University of Chicago
(published in December 2009)
Though President Obama has signaled a sharp break from many Bush administration policies, he remains committed to federal support for religious social service providers. Like George W. Bush’s faith-based initiative, though, Obama’s version of the policy has generated loud criticism—from both sides of the aisle—even as the communities that stand to benefit continue to struggle with economic hardship. God’s Economy reveals that virtually all of the critics, as well as many supporters, have long misunderstood both the true implications of faith-based partnerships and their unique potential for advancing social justice.
Unearthing the intellectual history of the faith-based initiative, Lew Daly locates its roots in the pluralist tradition of Europe Europe
A major contribution from an important new voice at the intersection of religion and politics, God’s Economy points the way to a new kind policymaking shaped by public faith, an approach combining strong social assistance from the state with a sharp moral focus on protecting families and communities in the liberal market order.

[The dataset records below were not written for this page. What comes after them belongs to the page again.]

text \<open>Permuting columns, and conjugating by a permutation, as counterparts of the library
  lemma for rows; these move the first row and column of a matrix behind the others.\<close>

lemma det_permute_cols:
  assumes A: "A \<in> carrier_mat n n" and p: "p permutes {0 ..< (n :: nat)}"
  shows "det (mat n n (\<lambda> (i,j). A $$ (i, p j))) = signof p * det A"
proof -
  have "det (mat n n (\<lambda> (i,j). A $$ (i, p j))) = det ((mat n n (\<lambda> (i,j). A $$ (i, p j)))\<^sup>T)"
    by (subst det_transpose) auto
  also have "(mat n n (\<lambda> (i,j). A $$ (i, p j)))\<^sup>T = mat n n (\<lambda> (i,j). A\<^sup>T $$ (p i, j))"
    by (rule eq_matI) (insert A permutes_in_image[OF p], auto)
  also have "det \<dots> = signof p * det A\<^sup>T" using det_permute_rows[of "A\<^sup>T" n p] A p by auto
  finally show ?thesis using det_transpose[OF A] by simp
qed

lemma signof_square: "signof p * signof p = (1::'a::comm_ring_1)"
  by (simp add: sign_def)
text \<open>If pulling back along \<open>G\<close> preserves solutions, then for every null
  \<open>k\<close> the Minkowski square of \<open>(k \<bullet> \<partial>\<^sub>i
  G)\<^sub>i\<close> vanishes: test the hypothesis with \<open>k \<bullet> x\<close> and \<open>(k
  \<bullet> x)\<^sup>2\<close>.\<close>

lemma pullback_null_quadric:
  fixes G :: "real^'m::finite \<Rightarrow> real^'m"
  assumes G: "smooth G"
    and pres: "\<And>\<phi>. smooth \<phi> \<Longrightarrow> \<forall>x. wave t \<phi> x = 0 \<Longrightarrow> \<forall>y. wave t (\<phi> \<circ> G) y = 0"
    and null: "mink t k k = 0"
  shows "(\<Sum>i\<in>UNIV. msign t i * (k \<bullet> pd i G y) * (k \<bullet> pd i G y)) = 0"
proof -
  let ?u = "\<lambda>y. k \<bullet> G y"
  have u: "smooth ?u"
    using smooth_bounded_linear_comp[OF G bounded_linear_inner_right] .
  have "\<forall>y. wave t ((\<lambda>x. k \<bullet> x) \<circ> G) y = 0"
    by (rule pres) (use smooth_quadratic[of 0 k 0 0] wave_linear[of t k] in auto)
  then have wave_u: "wave t ?u y = 0" by (simp add: o_def)
  have "\<forall>y. wave t ((\<lambda>x. (k \<bullet> x) * (k \<bullet> x)) \<circ> G) y = 0"
    by (rule pres) (use smooth_quadratic[of 0 0 k k] wave_linear_square[of t k] null in auto)
  then have "wave t (\<lambda>y. ?u y * ?u y) y = 0" by (simp add: o_def)
  moreover have "pd i ?u y = k \<bullet> pd i G y" for i
    using pd_bounded_linear_comp[OF smoothD(1)[OF G] bounded_linear_inner_right] .
  ultimately show ?thesis
    using wave_square[OF u, of t y] wave_u by simp
qed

Lew Daly is a senior fellow and director of the fellows program at Dēmos, a nonpartisan public policy center in New York City
Advance Praise for God’s Economy
Presidents Bill Clinton, George W. Bush, and Barack Obama have all supported expanding poverty-fighting partnerships between religious nonprofit organizations and government agencies. Lew Daly has taken the complicated history and often divisive discourse concerning such faith-based initiatives to a better intellectual and civic place. With wide-ranging sophistication and candor, God’s Economy sheds new light on Catholic and Calvinist ideas about church-state relations, referees ongoing debates about religion in the public square, and weighs in on policy controversies like those surrounding religious hiring rights. Agree or not with all of Daly’s conclusions, this is an engaging, balanced, and timely book. President Obama’s faith-based policy advisors and all other interested citizens should take note.”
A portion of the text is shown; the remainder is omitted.